Мадам де Л***, проходя из комнат брата к себе, услышала это
шумное веселье и позвонила своей fille de chambre спросить, в чем дело; узнав,
что это слуга английского джентльмена так распотешил своей флейтой весь дом,
она велела позвать его к себе.
Бедняга никак не мог явиться с пустыми руками, и потому,
поднимаясь по лестнице, он запасся тысячей комплиментов мадам де Л*** от своего
господина – присоединил к ним длинный список апокрифических расспросов о
здоровье мадам де Л*** – сказал ей, что мосье, господин его, au desespoir [42], не зная, отдохнула ли она
после утомительного путешествия, – и, в довершение всего, что мосье
получил письмо, которое мадам соблаговолила. – И он соблаговолил, –
сказала мадам де Л***, перебивая Ла Флера, – прислать мне ответ.

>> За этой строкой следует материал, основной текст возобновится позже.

(* Let x, y be codewords differing exactly on the positions D, with |D| < d and all of D inside a
   window of length P, and put e_i = x[i] - y[i]. The zeroth moment sum e_i is divisible by
   p_0 = (d-1)(q-1)+1 but has absolute value at most (d-1)(q-1), so it vanishes; the moments
   sum e_i i^k for 1 <= k <= d-2 are divisible by the prime p. Pairing these moments with the
   coefficients of the polynomial prod over r in D - {s} of (X - r), which has degree at most d-2
   and vanishes on D - {s}, shows that p divides e_s * prod (s - r). Every factor s - r is nonzero
   and shorter than P <= p, so p divides e_s, contradicting 0 < |e_s| < q <= p.
   The redundancy bound is pigeonhole over the p_0 p^(d-2) choices of residues a, together with
   p <= 2 max{P,q}, which is Bertrand's postulate. Erdos's proof of the latter bounds the prime
   factorisation of binom(2n, n) from above when no prime lies in (n, 2n] and compares the result
   with the lower bound 4^n / (2n). *)

section \<open>Bertrand's postulate\<close>

lemma prime_if_no_divisor_below:
  fixes p m :: nat
  assumes "1 < p" "p < m * m" "\<forall>d\<in>set [2..<m]. d * d \<le> p \<longrightarrow> \<not> d dvd p"
  shows "prime p"
proof (rule ccontr)
  assume "\<not> prime p"
  then obtain d where d: "d dvd p" "d \<noteq> 1" "d \<noteq> p"
    using assms(1) by (auto simp: prime_nat_iff)
  then obtain c where c: "p = d * c" by blast
  define e where "e = min d c"
  have "e dvd p" "e * e \<le> p"
    using c by (auto simp: e_def min_def intro: mult_le_mono)
  moreover have "2 \<le> e"
    using c d assms(1) by (cases "d = 0 \<or> c = 0 \<or> c = 1") (auto simp: e_def min_def)
  moreover have "e < m"
  proof (rule ccontr)
    assume "\<not> e < m"
    then have "m * m \<le> e * e"
      by (simp add: mult_le_mono)
    then show False
      using \<open>e * e \<le> p\<close> assms(2) by linarith
  qed
  ultimately show False
    using assms(3) by auto
qed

Мадам де Л*** сказала это таким не допускающим сомнений
тоном, что у Ла Флера не хватило духу обмануть ее ожидание – он трепетал за мою
честь – а возможно, был не совсем спокоен и за свою, поскольку служил у
человека, способного сплоховать en egards vis‑a‑vis d'une femme [43]. Поэтому, когда мадам де
Л*** спросила Ла Флера, принес ли он письмо, – О qu'oui, – отвечал Ла
Флер, после чего, положив шляпу на пол, ухватил левой рукой за клапан своего
правого кармана и правой стал шарить в нем, отыскивая письмо, потом наоборот –
Diable! – потом обшарил все карманы один за другим, не забыв и карманчика
для часов в штанах – Peste! – потом Ла Флер опорожнил все карманы на пол –
вытащил грязный галстук – носовой платок – гребенку – плетку – ночной колпак –
потом заглянул внутрь своей шляпы – Quelle etourderie [44]. Он оставил письмо на столе в гостинице – он
сбегает за ним и через три минуты его доставит.
Я только что поужинал, когда вошел Ла Флер и представил
отчет о своем приключении; он безыскусственно рассказал мне все, как было, и
только прибавил, что если мосье (par hazard) [45] забыл
ответить мадам на ее письмо, то счастливое стечение обстоятельств дает ему
возможность исправить этот faux pas [46], –
если же нет, то пусть все остается, как было.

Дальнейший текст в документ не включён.